Beginning with the first line below, please repeat the material exactly, ending with the line that includes "X \<and> (\<forall>y\<in>X.".

[DATASET EXTRACT — start]

lemma qs_cost_split:
  assumes "1 \<le> T" "y 1 = x0"
  shows "qs_cost f x0 T y = (\<Sum>t=1..T. f t (y t)) + (\<Sum>t=2..T. (norm (y t - y (t - 1)))\<^sup>2 / 2)"
proof -
  have "(\<Sum>t=1..T. (norm (y t - (if t = 1 then x0 else y (t - 1))))\<^sup>2 / 2)
      = (\<Sum>t=2..T. (norm (y t - (if t = 1 then x0 else y (t - 1))))\<^sup>2 / 2)"
    using assms by (simp add: sum.atLeast_Suc_atMost numeral_2_eq_2)
  also have "\<dots> = (\<Sum>t=2..T. (norm (y t - y (t - 1)))\<^sup>2 / 2)"
    by (rule sum.cong) auto
  finally show ?thesis unfolding qs_cost_def by (simp add: sum.distrib)
qed

lemma C_OPT_ge_sum_min:
  assumes "\<forall>t\<in>{1..T}. xs t \<in> X \<and> (\<forall>y\<in>X. f t (xs t) \<le> f t y)"
  shows "(\<Sum>t=1..T. f t (xs t)) \<le> C_OPT X f x0 T"
  unfolding C_OPT_def
proof (rule cInf_greatest)
  show "{qs_cost f x0 T y |y. \<forall>t\<in>{1..T}. y t \<in> X} \<noteq> {}"
    using assms by blast
next
  fix c assume "c \<in> {qs_cost f x0 T y |y. \<forall>t\<in>{1..T}. y t \<in> X}"
  then obtain y where c: "c = qs_cost f x0 T y" and y: "\<forall>t\<in>{1..T}. y t \<in> X" by blast
  have "(\<Sum>t=1..T. f t (xs t)) \<le> qs_cost f x0 T y"
    unfolding qs_cost_def using assms y by (intro sum_mono add_increasing2) auto
  then show "(\<Sum>t=1..T. f t (xs t)) \<le> c" using c by simp
qed

lemma regret_le_of_halving_tracking:
  fixes y :: "nat \<Rightarrow> 'a::euclidean_space" and G :: real
  assumes T: "1 \<le> T" and y1: "y 1 = x0" and G: "0 \<le> G"
    and min: "\<forall>t\<in>{1..T}. xstar X f t \<in> X \<and> (\<forall>z\<in>X. f t (xstar X f t) \<le> f t z)"
    and gap: "\<forall>t\<in>{1..T}. f t (y t) - f t (xstar X f t) \<le> G * norm (y t - xstar X f t)"
    and halve: "\<forall>t\<in>{2..T}. norm (y t - xstar X f (t - 1)) \<le> norm (y (t - 1) - xstar X f (t - 1)) / 2"
  shows "qs_cost f x0 T y - C_OPT X f x0 T
         \<le> 2 * G * (norm (x0 - xstar X f 1) + path_len X f T) + 9 / 4 * (norm (x0 - xstar X f 1))\<^sup>2
           + 9 / 2 * path_len2 X f T"
proof -
  define xs where "xs = xstar X f"
  define d where "d t = norm (y t - xs t)" for t
  define p where "p t = norm (xs t - xs (t - 1))" for t
  have rec: "\<forall>t\<in>{2..T}. 0 \<le> d t \<and> d t \<le> d (t - 1) / 2 + p t"
  proof
    fix t assume t: "t \<in> {2..T}"
    have "d t \<le> norm (y t - xs (t - 1)) + p t"
      unfolding d_def p_def using norm_triangle_ineq[of "y t - xs (t - 1)" "xs (t - 1) - xs t"]
      by (simp add: norm_minus_commute)
    then show "0 \<le> d t \<and> d t \<le> d (t - 1) / 2 + p t"
      using halve t unfolding d_def xs_def by fastforce
  qed
  have switch: "(norm (y t - y (t - 1)))\<^sup>2 / 2 \<le> 9 / 8 * (d (t - 1))\<^sup>2" if t: "t \<in> {2..T}" for t
  proof -
    have "norm (y t - y (t - 1)) \<le> norm (y t - xs (t - 1)) + d (t - 1)"
      unfolding d_def using norm_triangle_ineq[of "y t - xs (t - 1)" "xs (t - 1) - y (t - 1)"]
      by (simp add: norm_minus_commute)
    also have "\<dots> \<le> 3 / 2 * d (t - 1)"
      using halve t unfolding d_def xs_def by fastforce
    finally have "(norm (y t - y (t - 1)))\<^sup>2 \<le> (3 / 2 * d (t - 1))\<^sup>2"
      by (simp add: power_mono)
    then show ?thesis by (simp add: power_mult_distrib power_divide)
  qed
  have "qs_cost f x0 T y - C_OPT X f x0 T
      \<le> (\<Sum>t=1..T. f t (y t) - f t (xs t)) + (\<Sum>t=2..T. (norm (y t - y (t - 1)))\<^sup>2 / 2)"
    using qs_cost_split[where f = f and y = y, OF T y1] C_OPT_ge_sum_min[OF min, of x0]
    unfolding xs_def by (simp add: sum_subtractf)
  also have "\<dots> \<le> G * (\<Sum>t=1..T. d t) + 9 / 8 * (\<Sum>t=2..T. (d (t - 1))\<^sup>2)"
    using gap switch unfolding sum_distrib_left d_def xs_def
    by (intro add_mono sum_mono) auto
  also have "\<dots> \<le> G * (2 * d 1 + 2 * (\<Sum>t=2..T. p t)) + 9 / 8 * (2 * (d 1)\<^sup>2 + 4 * (\<Sum>t=2..T. (p t)\<^sup>2))"
  proof (intro add_mono mult_left_mono)
    have "0 \<le> d T" unfolding d_def by simp
    then show "(\<Sum>t=1..T. d t) \<le> 2 * d 1 + 2 * (\<Sum>t=2..T. p t)"
      using sum_le_of_halving_recurrence[of T d p] rec T by auto
    show "(\<Sum>t=2..T. (d (t - 1))\<^sup>2) \<le> 2 * (d 1)\<^sup>2 + 4 * (\<Sum>t=2..T. (p t)\<^sup>2)"
      using sum_squares_le_of_halving_recurrence[OF rec T] sum_shift_last[OF T, of "\<lambda>t. (d t)\<^sup>2"]
        zero_le_power2[of "d T"]
      by linarith
  qed (use G in simp_all)
  also have "\<dots> = 2 * G * (norm (x0 - xstar X f 1) + path_len X f T) + 9 / 4 * (norm (x0 - xstar X f 1))\<^sup>2
           + 9 / 2 * path_len2 X f T"
    unfolding d_def p_def xs_def path_len_def path_len2_def y1 by (simp add: algebra_simps)
  finally show ?thesis .
qed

[DATASET EXTRACT — finish]

[SOLUTION]
lemma qs_cost_split:
  assumes "1 \<le> T" "y 1 = x0"
  shows "qs_cost f x0 T y = (\<Sum>t=1..T. f t (y t)) + (\<Sum>t=2..T. (norm (y t - y (t - 1)))\<^sup>2 / 2)"
proof -
  have "(\<Sum>t=1..T. (norm (y t - (if t = 1 then x0 else y (t - 1))))\<^sup>2 / 2)
      = (\<Sum>t=2..T. (norm (y t - (if t = 1 then x0 else y (t - 1))))\<^sup>2 / 2)"
    using assms by (simp add: sum.atLeast_Suc_atMost numeral_2_eq_2)
  also have "\<dots> = (\<Sum>t=2..T. (norm (y t - y (t - 1)))\<^sup>2 / 2)"
    by (rule sum.cong) auto
  finally show ?thesis unfolding qs_cost_def by (simp add: sum.distrib)
qed

lemma C_OPT_ge_sum_min:
  assumes "\<forall>t\<in>{1..T}. xs t \<in> X \<and> (\<forall>y\<in>X. f t (xs t) \<le> f t y)"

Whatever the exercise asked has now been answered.